Software Requirements Classification using Machine Learning algorithm’s
Gaith Y Quba, Hadeel Al Qaisi, Ahmad Althunibat, Shadi AlZu’bi
Abstract
The world is growing and developing rapidly, and the demand for software has been increasing speedily, any software has many steps for building a program and all the steps are important for software requirements. Requirements classification can be applied manually, which requires great effort, time, cost and the accuracy may vary. Therefore, many previous researchv has been proposed to automate the classification process, but the automation process of the classification was not sufficient. In this study, we will propose a technique to automatically classify software requirements using machine learning to represent text data from software requirements specification and classify requirement to group Functional Requirement and Non-Functional Requirement. The experimented dataset in this study was the PROMISE_exp, which includes labeled requirements.
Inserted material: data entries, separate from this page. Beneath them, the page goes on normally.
text \<open>The double cycle on 0..q and p..n-1 contributes (-1)^q a_q y_(n-p): the
  sign of the second cycle cancels the sign in the last column of B.  For p = n
  the second cycle is empty and the padding value y_0 = 1 appears.\<close>
lemma Bmat_double_cycle_term:
  assumes "q < p" "p \<le> n"
  shows "perm_term (Bmat n x y c) ({0..q} \<union> {p..n - 1}) (cyc 0 q \<circ> cyc p (n - 1)) =
    (-1) ^ q * (c(0 := x 1)) q * (y(0 := 1)) (n - p)"
proof -
  define B where "B = Bmat n x y c"
  have last_col: "(-1) ^ (n - 1 - p) * (if p \<le> n - 1 then B $$ (p, n - 1) else 1) = (y(0 := 1)) (n - p)"
  proof (cases "p \<le> n - 1")
    case True
    then have "0 < p" "p < n" and exp: "n - p + 1 = (n - 1 - p) + 2" using assms by arith+
    have "B $$ (p, n - 1) = (-1) ^ (n - p + 1) * y (n - p)"
      unfolding B_def by (rule Bmat_last_column[OF \<open>0 < p\<close> \<open>p < n\<close>])
    moreover have "(-1::complex) ^ (n - 1 - p) * (-1) ^ (n - p + 1) = 1"
      unfolding exp by (rule minus_one_power_cancel)
    ultimately have "(-1) ^ (n - 1 - p) * (if p \<le> n - 1 then B $$ (p, n - 1) else 1) = y (n - p)"
      unfolding if_P[OF True] by (simp only: mult.assoc[symmetric] mult_1)
    then show ?thesis using \<open>p < n\<close> by simp
  next
    case False
    then show ?thesis using assms by simp
  qed
  have first_row: "B $$ (0, q) = (c(0 := x 1)) q"
    unfolding B_def using assms by (intro Bmat_first_row) simp
  have "perm_term B ({0..q} \<union> {p..n - 1}) (cyc 0 q \<circ> cyc p (n - 1)) =
      (-1) ^ q * (-1) ^ (n - 1 - p) * B $$ (0, q) * (if p \<le> n - 1 then B $$ (p, n - 1) else 1)"
    using assms by (intro perm_term_double_cycle) (auto simp: B_def Bmat_subdiagonal)
  also have "\<dots> = (-1) ^ q * B $$ (0, q) * ((-1) ^ (n - 1 - p) * (if p \<le> n - 1 then B $$ (p, n - 1) else 1))"
    by (simp only: ac_simps)
  also have "\<dots> = (-1) ^ q * (c(0 := x 1)) q * (y(0 := 1)) (n - p)"
    using last_col first_row by simp
  finally show ?thesis unfolding B_def .
qed

definition minor_pairs :: "nat \<Rightarrow> nat \<Rightarrow> (nat set \<times> (nat \<Rightarrow> nat)) set" where
  "minor_pairs n j = (SIGMA I:{I. I \<subseteq> {0..<n} \<and> card I = j \<and> 0 \<in> I}. {\<sigma>. \<sigma> permutes I})"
All the documents of software from the database were changed (cleaned) with a set of steps (normalization, extractions, selection any techniques that will be used. The BoW used SVM algorithm or KNN algorithm for classification. This study used data from the PROMISE_exp to do the work, the information of the steps used to re-performed the classification, and the Measurement BoW, when using SVM and KNN algorithms the classification of requirements making can serve as a way and resources for another study. It can be seen that the use of BoW with SVM is better than use KNN algorithms with an average F-measure of all cases of 0.74. In future work we intend to improve to technique with make merge and change some algorithms as Logiest Regression to improve the Accuracy ( Precision) of our model.